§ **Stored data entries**
* * * * * * * * *

lemma c_left_unif_kernel:
  assumes "0 < a" "b < 0" "0 \<le> s"
  shows "c_left (unif_kernel a b) s = - ((a - b) / 2 * unif_speed (1 - s) (- ((a + b) / (a - b))))"
proof -
  let ?h = "(a - b) / 2" and ?r = "(a + b) / (a - b)"
  have neg_image: "{..<0::real} = uminus ` {0<..}"
    by (auto simp: image_iff intro: bexI[of _ "- x" for x])
  have "c_left (unif_kernel a b) s
      = (SUP l\<in>{..<0}. (integral UNIV (\<lambda>x. unif_kernel a b x * exp (l * x)) - 1 + s) / l)"
    unfolding c_left_def by (rule arg_cong[where f = Sup]) auto
  also have "\<dots> = (SUP l\<in>{0<..}. (integral UNIV (\<lambda>x. unif_kernel a b x * exp (- l * x)) - 1 + s) / - l)"
    by (simp only: neg_image image_image)
  also have "\<dots> = (SUP l\<in>{0<..}. - (?h * ((unif_mgf (- ?r) (l * ?h) - (1 - s)) / (l * ?h))))"
  proof (intro SUP_cong refl)
    fix l :: real
    assume "l \<in> {0<..}"
    then have "(integral UNIV (\<lambda>x. unif_kernel a b x * exp (- l * x)) - 1 + s) / - l
        = ?h * ((unif_mgf ?r (- (l * ?h)) - (1 - s)) / - (l * ?h))"
      using unif_kernel_exp_quotient[of b a "- l" s] assms by simp
    then show "(integral UNIV (\<lambda>x. unif_kernel a b x * exp (- l * x)) - 1 + s) / - l
        = - (?h * ((unif_mgf (- ?r) (l * ?h) - (1 - s)) / (l * ?h)))"
      by (simp only: unif_mgf_uminus divide_minus_right mult_minus_right)
  qed
  also have "\<dots> = - (INF l\<in>{0<..}. ?h * ((unif_mgf (- ?r) (l * ?h) - (1 - s)) / (l * ?h)))"
    by (simp add: Inf_real_def image_image)
  also have "\<dots> = - (?h * unif_speed (1 - s) (- ?r))"
    using assms by (subst INF_unif_speed_rescale) auto
  finally show ?thesis .
qed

* * * * * * * * *

§ **What is needed**
All entries above are to be repeated verbatim, down to the last line.

§ **Output**
lemma c_left_unif_kernel:
  assumes "0 < a" "b < 0" "0 \<le> s"
  shows "c_left (unif_kernel a b) s = - ((a - b) / 2 * unif_speed (1 - s) (- ((a + b) / (a - b))))"
proof -
  let ?h = "(a - b) / 2" and ?r = "(a + b) / (a - b)"
  have neg_image: "{..<0::real} = uminus ` {0<..}"
    by (auto simp: image_iff intro: bexI[of _ "- x" for x])
  have "c_left (unif_kernel a b) s
      = (SUP l\<in>{..<0}. (integral UNIV (\<lambda>x. unif_kernel a b x * exp (l * x)) - 1 + s) / l)"
    unfolding c_left_def by (rule arg_cong[where f = Sup]) auto
  also have "\<dots> = (SUP l\<in>{0<..}. (integral UNIV (\<lambda>x. unif_kernel a b x * exp (- l * x)) - 1 + s) / - l)"
    by (simp only: neg_image image_image)
  also have "\<dots> = (SUP l\<in>{0<..}. - (?h * ((unif_mgf (- ?r) (l * ?h) - (1 - s)) / (l * ?h))))"
  proof (intro SUP_cong refl)
    fix l :: real
    assume "l \<in> {0<..}"
    then have "(integral UNIV (\<lambda>x. unif_kernel a b x * exp (- l * x)) - 1 + s) / - l
        = ?h * ((unif_mgf ?r (- (l * ?h)) - (1 - s)) / - (l * ?h))"
      using unif_kernel_exp_quotient[of b a "- l" s] assms by simp
    then show "(integral UNIV (\<lambda>x. unif_kernel a b x * exp (- l * x)) - 1 + s) / - l
        = - (?h * ((unif_mgf (- ?r) (l * ?h) - (1 - s)) / (l * ?h)))"
      by (simp only: unif_mgf_uminus divide_minus_right mult_minus_right)
  qed
  also have "\<dots> = - (INF l\<in>{0<..}. ?h * ((unif_mgf (- ?r) (l * ?h) - (1 - s)) / (l * ?h)))"
    by (simp add: Inf_real_def image_image)
  also have "\<dots> = - (?h * unif_speed (1 - s) (- ?r))"
    using assms by (subst INF_unif_speed_rescale) auto
  finally show ?thesis .
qed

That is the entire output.